The Fig. 5 circuit is used to test the transformer. The operating frequency was set to 50 kHz by setting the counter to read frequency, holding the discharge switch closed, pressing the start button and adjusting the 1-kΩ potentiometer.

Either the manual or automatic stop must be used to terminate the charge cycle because the output voltage can exceed 600 V and either the capacitor or transistor will fail. Tests using the automatic stop gave an average total pulse count of 415,000. This total pulse count yields a charge time of 8.3 sec. The difference between the result and the design charge time of 10 sec is due to a smaller capacitor (measured at 5.8 µF), a reference diode that was slightly below nominal and, most of all, an efficiency that was better than 50%.

Fig. 6 is the charging waveform. The waveform was made by replacing the output monitor with the 10-MΩ input impedance of a X10 oscilloscope probe. Fig. 7 shows the voltage between the drain lead of the MOSFET and ground just before stop.

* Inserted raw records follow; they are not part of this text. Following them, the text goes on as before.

(* Let $s>0$, $0<\sigma_1\le s$ and $r<\mu_1<\mu_2$, and assume $\frac{\mu_1-r}{s^2}\in(0,1]$. Suppose that under $\mathbb{Q}$, $\ln S_T\sim N\big(\ln S_0+(r-\tfrac{s^2}{2})T,\,s^2T\big)$, and let $\mathcal{P}=\{\mathbb{P}^{\mu,\sigma}:\mu_1\le\mu\le\mu_2,\ \sigma_1\le\sigma\le s\}$, where under $\mathbb{P}^{\mu,\sigma}$, $\ln S_T\sim N\big(\ln S_0+(\mu-\tfrac{\sigma^2}{2})T,\,\sigma^2T\big)$. Then: (i) $F_{S_T}^{\mathbb{P}^{\mu_1,s}}\preceq_{\mathbb{F}_{SSD}}F_{S_T}^{\mathbb{P}^{\mu,\sigma}}$ for all $\mu\in[\mu_1,\mu_2]$, $\sigma\in[\sigma_1,s]$; (ii) $\mathbb{P}^*:=\mathbb{P}^{\mu_1,s}$ is a least favorable measure with respect to $\mathbb{F}_{SSD}$, and with $\ell^*=\ell^{\mathbb{P}^{\mu_1,s}}$ the map $x\mapsto F^{\mathbb{P}^*}_{\ell^*}(x)$ is continuous and $1/\ell^*$ has finite variance under $\mathbb{P}^*$; (iii) for every cdf $F_0$ with $\int_0^1(F_0^{-1}(u))^2du<\infty$, $F_0(x)=0$ for $x<0$, and such that $F_0^{-1}\circ F^{\mathbb{P}^*}_{\ell^*}$ is concave, the $\mathbb{F}_{SSD}$-robust cost-efficiency problem for $F_0$ has the $\mathbb{P}^*$-a.s. unique solution $X^*=F_0^{-1}\big(F_{S_T}^{\mathbb{P}^{\mu_1,s}}(S_T)\big)$.
   Context: Standing setting: fix $T>0$, $r\in\mathbb{R}$, $S_0>0$, and write $\mathbb{R}_+=[0,\infty)$. $S_T:\Omega\to\mathbb{R}_+$ is a random variable, $\mathcal{F}=\sigma(S_T)$ (so a probability measure on $(\Omega,\mathcal{F})$ is determined by the law of $S_T$). The set of payoffs is $\mathcal{X}=\{g(S_T): g:\mathbb{R}_+\to\mathbb{R}_+\text{ measurable}, E_{\mathbb{Q}}[|g(S_T)|]<\infty\}$, and the price of $X\in\mathcal{X}$ is $e^{-rT}E_{\mathbb{Q}}[X]$. For $\mathbb{P}\in\mathcal{P}$, $\ell^{\mathbb{P}}=d\mathbb{P}/d\mathbb{Q}$; $F_X^{\mathbb{P}}$ is the cdf of $X$ under $\mathbb{P}$; for a cdf $F$, $F^{-1}(p)=\inf\{x:F(x)\ge p\}$. For a set $\mathbb{F}$ of measurable functions $\mathbb{R}_+\to\mathbb{R}$ and cdfs $F,G$ on $\mathbb{R}_+$, $F\preceq_{\mathbb{F}}G$ means $\int f\,dF\le\int f\,dG$ for all $f\in\mathbb{F}$ with finite integrals. $\mathbb{F}_{SSD}$ is the set of all non-decreasing concave functions $\mathbb{R}_+\to\mathbb{R}$. A measure $\mathbb{P}^*\in\mathcal{P}$ with $\ell^*=d\mathbb{P}^*/d\mathbb{Q}$ is least favorable w.r.t. $\mathbb{F}$ if $F_{\ell^*}^{\mathbb{P}^*}\preceq_{\mathbb{F}}F_{\ell^*}^{\mathbb{P}}$ for all $\mathbb{P}\in\mathcal{P}$. The $\mathbb{F}$-robust cost-efficiency problem for a cdf $F_0$ is $\inf\{e^{-rT}E_{\mathbb{Q}}[X]: X\in\mathcal{X},\ F_0\preceq_{\mathbb{F}}F_X^{\mathbb{P}}\ \forall\mathbb{P}\in\mathcal{P}\}$. *)

theory Defs
  imports "HOL-Probability.Probability"
begin

text \<open>Canonical model: the sample space is the real line with its Borel sets and
  S_T is the identity (all measures below give the set of positive reals probability 1,
  so effectively the sample space is the range (0,oo) of S_T).  A payoff g(S_T) is thus
  a function g :: real => real.\<close>

definition lognormal :: "real \<Rightarrow> real \<Rightarrow> real measure" where
  "lognormal m v = distr (density lborel (normal_density m (sqrt v))) borel exp"

text \<open>Law of S_T when ln S_T ~ N(ln S0 + (mu - sg^2/2) T, sg^2 T).
  Q is model_measure S0 T r s, and P^{mu,sg} is model_measure S0 T mu sg.\<close>
definition model_measure :: "real \<Rightarrow> real \<Rightarrow> real \<Rightarrow> real \<Rightarrow> real measure" where
  "model_measure S0 T mu sg = lognormal (ln S0 + (mu - sg\<^sup>2 / 2) * T) (sg\<^sup>2 * T)"

definition model_set :: "real \<Rightarrow> real \<Rightarrow> real \<Rightarrow> real \<Rightarrow> real \<Rightarrow> real \<Rightarrow> real measure set" where
  "model_set S0 T mu1 mu2 sigma1 s =
     {model_measure S0 T mu sg | mu sg. mu1 \<le> mu \<and> mu \<le> mu2 \<and> sigma1 \<le> sg \<and> sg \<le> s}"

definition law :: "real measure \<Rightarrow> (real \<Rightarrow> real) \<Rightarrow> real measure" where
  "law P X = distr P borel X"

definition quantile :: "(real \<Rightarrow> real) \<Rightarrow> real \<Rightarrow> real" where
  "quantile F p = Inf {x. p \<le> F x}"

definition preceq :: "(real \<Rightarrow> real) set \<Rightarrow> real measure \<Rightarrow> real measure \<Rightarrow> bool" where
  "preceq Fs D1 D2 \<longleftrightarrow>
     (\<forall>f\<in>Fs. set_integrable D1 {0..} f \<and> set_integrable D2 {0..} f \<longrightarrow>
        (LINT x:{0..}|D1. f x) \<le> (LINT x:{0..}|D2. f x))"

definition F_SSD :: "(real \<Rightarrow> real) set" where
  "F_SSD = {f. mono_on {0..} f \<and> concave_on {0..} f}"

definition lr :: "real measure \<Rightarrow> real measure \<Rightarrow> real \<Rightarrow> real" where
  "lr Q P x = enn2real (RN_deriv Q P x)"

definition least_favorable ::
  "(real \<Rightarrow> real) set \<Rightarrow> real measure \<Rightarrow> real measure set \<Rightarrow> real measure \<Rightarrow> bool" where
  "least_favorable Fs Q Ps Pstar \<longleftrightarrow> Pstar \<in> Ps \<and>
     (\<forall>P\<in>Ps. preceq Fs (law Pstar (lr Q Pstar)) (law P (lr Q Pstar)))"

text \<open>Payoffs g(S_T), g : R_+ -> R_+ measurable, Q-integrable (g only matters on the
  range (0,oo) of S_T).\<close>
definition payoffs :: "real measure \<Rightarrow> (real \<Rightarrow> real) set" where
  "payoffs Q = {X. X \<in> borel_measurable borel \<and> (\<forall>x>0. 0 \<le> X x) \<and> integrable Q X}"

definition price :: "real \<Rightarrow> real \<Rightarrow> real measure \<Rightarrow> (real \<Rightarrow> real) \<Rightarrow> real" where
  "price r T Q X = exp (- r * T) * integral\<^sup>L Q X"

definition rce_feasible ::
  "(real \<Rightarrow> real) set \<Rightarrow> real measure \<Rightarrow> real measure set \<Rightarrow> real measure \<Rightarrow> (real \<Rightarrow> real) set" where
  "rce_feasible Fs Q Ps D0 = {X \<in> payoffs Q. \<forall>P\<in>Ps. preceq Fs D0 (law P X)}"

definition rce_unique_solution ::
  "(real \<Rightarrow> real) set \<Rightarrow> real \<Rightarrow> real \<Rightarrow> real measure \<Rightarrow> real measure set \<Rightarrow> real measure
     \<Rightarrow> real measure \<Rightarrow> (real \<Rightarrow> real) \<Rightarrow> bool" where
  "rce_unique_solution Fs r T Q Ps D0 Pstar Xs \<longleftrightarrow>
     Xs \<in> rce_feasible Fs Q Ps D0 \<and>
     (\<forall>X\<in>rce_feasible Fs Q Ps D0. price r T Q Xs \<le> price r T Q X) \<and>
     (\<forall>X\<in>rce_feasible Fs Q Ps D0. price r T Q X = price r T Q Xs \<longrightarrow> (AE x in Pstar. X x = Xs x))"

end

theory Submission
  imports Defs
begin

text \<open>Under every model \<open>ln S_T\<close> is normal and \<open>E S_T = S0 exp (\<mu> T)\<close>. Passing from
  \<open>(\<mu>, \<sigma>)\<close> to \<open>(\<mu>1, s)\<close> lowers the mean and adds an independent normal factor to \<open>ln S_T\<close>,
  so by Jensen's inequality \<open>S_T\<close> decreases in the increasing concave order. The likelihood
  ratio \<open>dP*/dQ = C S_T\<^sup>a\<close> with \<open>0 < a \<le> 1\<close> is a non-negative increasing concave function of
  \<open>S_T\<close>, so it inherits the order, which makes \<open>P*\<close> least favourable.

  For the cost-efficiency problem, \<open>X* = quantile F0 (F S_T)\<close> has law \<open>F0\<close> under \<open>P*\<close> and is an
  increasing concave function of \<open>S_T\<close>, hence feasible under every model. By the layer-cake
  formula for the decreasing density \<open>dQ/dP* = 1/(C S_T\<^sup>a)\<close>, the price of a payoff \<open>X\<close> is an
  integral of its truncated expectations \<open>E_P*[X; S_T < b]\<close>. Testing feasibility of \<open>X\<close>
  against \<open>x \<mapsto> min x (X*(b))\<close> shows that \<open>X*\<close> minimises each truncated expectation; equal
  prices force them all to agree, which determines \<open>X\<close> almost surely.\<close>

abbreviation normal_measure :: "real \<Rightarrow> real \<Rightarrow> real measure" where
  "normal_measure m \<sigma> \<equiv> density lborel (normal_density m \<sigma>)"

abbreviation lognormal_measure :: "real \<Rightarrow> real \<Rightarrow> real measure" where
  "lognormal_measure m \<sigma> \<equiv> distr (normal_measure m \<sigma>) borel exp"

lemma normal_density_times_exp:
  assumes "\<sigma> > 0"
  shows "normal_density m \<sigma> y * exp (c * y) =
    exp (c * m + c\<^sup>2 * \<sigma>\<^sup>2 / 2) * normal_density (m + c * \<sigma>\<^sup>2) \<sigma> y"
proof -
  have "- ((y - m)\<^sup>2) / (2 * \<sigma>\<^sup>2) + c * y =
      c * m + c\<^sup>2 * \<sigma>\<^sup>2 / 2 + (- ((y - (m + c * \<sigma>\<^sup>2))\<^sup>2) / (2 * \<sigma>\<^sup>2))"
    using assms by (simp add: field_simps power2_eq_square)
  then have "exp (- ((y - m)\<^sup>2) / (2 * \<sigma>\<^sup>2)) * exp (c * y) =
      exp (c * m + c\<^sup>2 * \<sigma>\<^sup>2 / 2) * exp (- ((y - (m + c * \<sigma>\<^sup>2))\<^sup>2) / (2 * \<sigma>\<^sup>2))"
    by (simp only: exp_add[symmetric])
  then show ?thesis
    unfolding normal_density_def by (simp add: ac_simps)
qed

lemma has_bochner_integral_normal_exp:
  assumes "\<sigma> > 0"
  shows "has_bochner_integral (normal_measure m \<sigma>) (\<lambda>y. exp (c * y)) (exp (c * m + c\<^sup>2 * \<sigma>\<^sup>2 / 2))"
proof -
  have "has_bochner_integral lborel
      (\<lambda>y. exp (c * m + c\<^sup>2 * \<sigma>\<^sup>2 / 2) * normal_density (m + c * \<sigma>\<^sup>2) \<sigma> y) (exp (c * m + c\<^sup>2 * \<sigma>\<^sup>2 / 2) * 1)"
    by (intro has_bochner_integral_mult_right) (simp add: has_bochner_integral_iff assms)
  then have "has_bochner_integral lborel
      (\<lambda>y. normal_density m \<sigma> y *\<^sub>R exp (c * y)) (exp (c * m + c\<^sup>2 * \<sigma>\<^sup>2 / 2))"
    using normal_density_times_exp[OF assms] by simp
  then show ?thesis
    by (intro has_bochner_integral_density) auto
qed

lemma distr_std_normal_affine:
  assumes "\<sigma> > 0"
  shows "distr (normal_measure 0 1) lborel (\<lambda>z. m + \<sigma> * z) = normal_measure m \<sigma>"
proof -
  interpret prob_space "normal_measure 0 1" by (rule prob_space_normal_density) simp
  have "distributed (normal_measure 0 1) lborel (\<lambda>x. x) (normal_density 0 1)"
    unfolding distributed_def by (simp add: distr_id2)
  then have "distributed (normal_measure 0 1) lborel (\<lambda>x. m + \<sigma> * x)
      (normal_density (m + \<sigma> * 0) (\<bar>\<sigma>\<bar> * 1))"
    by (rule normal_density_affine) (use assms in auto)
  then show ?thesis using assms unfolding distributed_def by simp
qed

lemma lognormal_measure_std_normal:
  assumes "\<sigma> > 0"
  shows "lognormal_measure m \<sigma> = distr (normal_measure 0 1) borel (\<lambda>z. exp (m + \<sigma> * z))"
  unfolding distr_std_normal_affine[OF assms, symmetric]
  by (subst distr_distr) (auto simp: comp_def)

When designing a circuit of this type, there are a couple of pitfalls. One is the inherent danger of a high voltage. High voltage requires careful layout with attention to safety. The other common problem with this type of circuit is the storage capacitor itself. Finding a capacitor with low enough leakage at the operating condition can be a difficult task. Capacitor specifications sometimes specify leakage values at one-tenth of the rated voltage. Leakage currents near the full voltage may be many times the given value rather than would be the expected linear change. The capacitor used in the example is a metallized polyester film type.

The information provided will help engineers design capacitor charging circuits. The equations and procedures presented give insight into the interaction of variables. This information can be adapted and used for testing most capacitor charging circuit designs.

### References

1. Pressman, Abraham I., Switching Power Supply Design, 2nd Edition, McGraw-Hill, ISBN 0-07-052236-7, 1998.

2. Linear Technology Corp., LT3468 Data sheet, LT/TP0105 IK Rev A, 2003.

3. Pressman, Abraham I., Switching Power Supply Design, Chapter 4.3.2., 2nd Edition, McGraw-Hill, ISBN 0-07-052236-7, 1998.

4. Dixon, Lloyd H. Magnetics Design Handbook, Texas Instruments, 2001.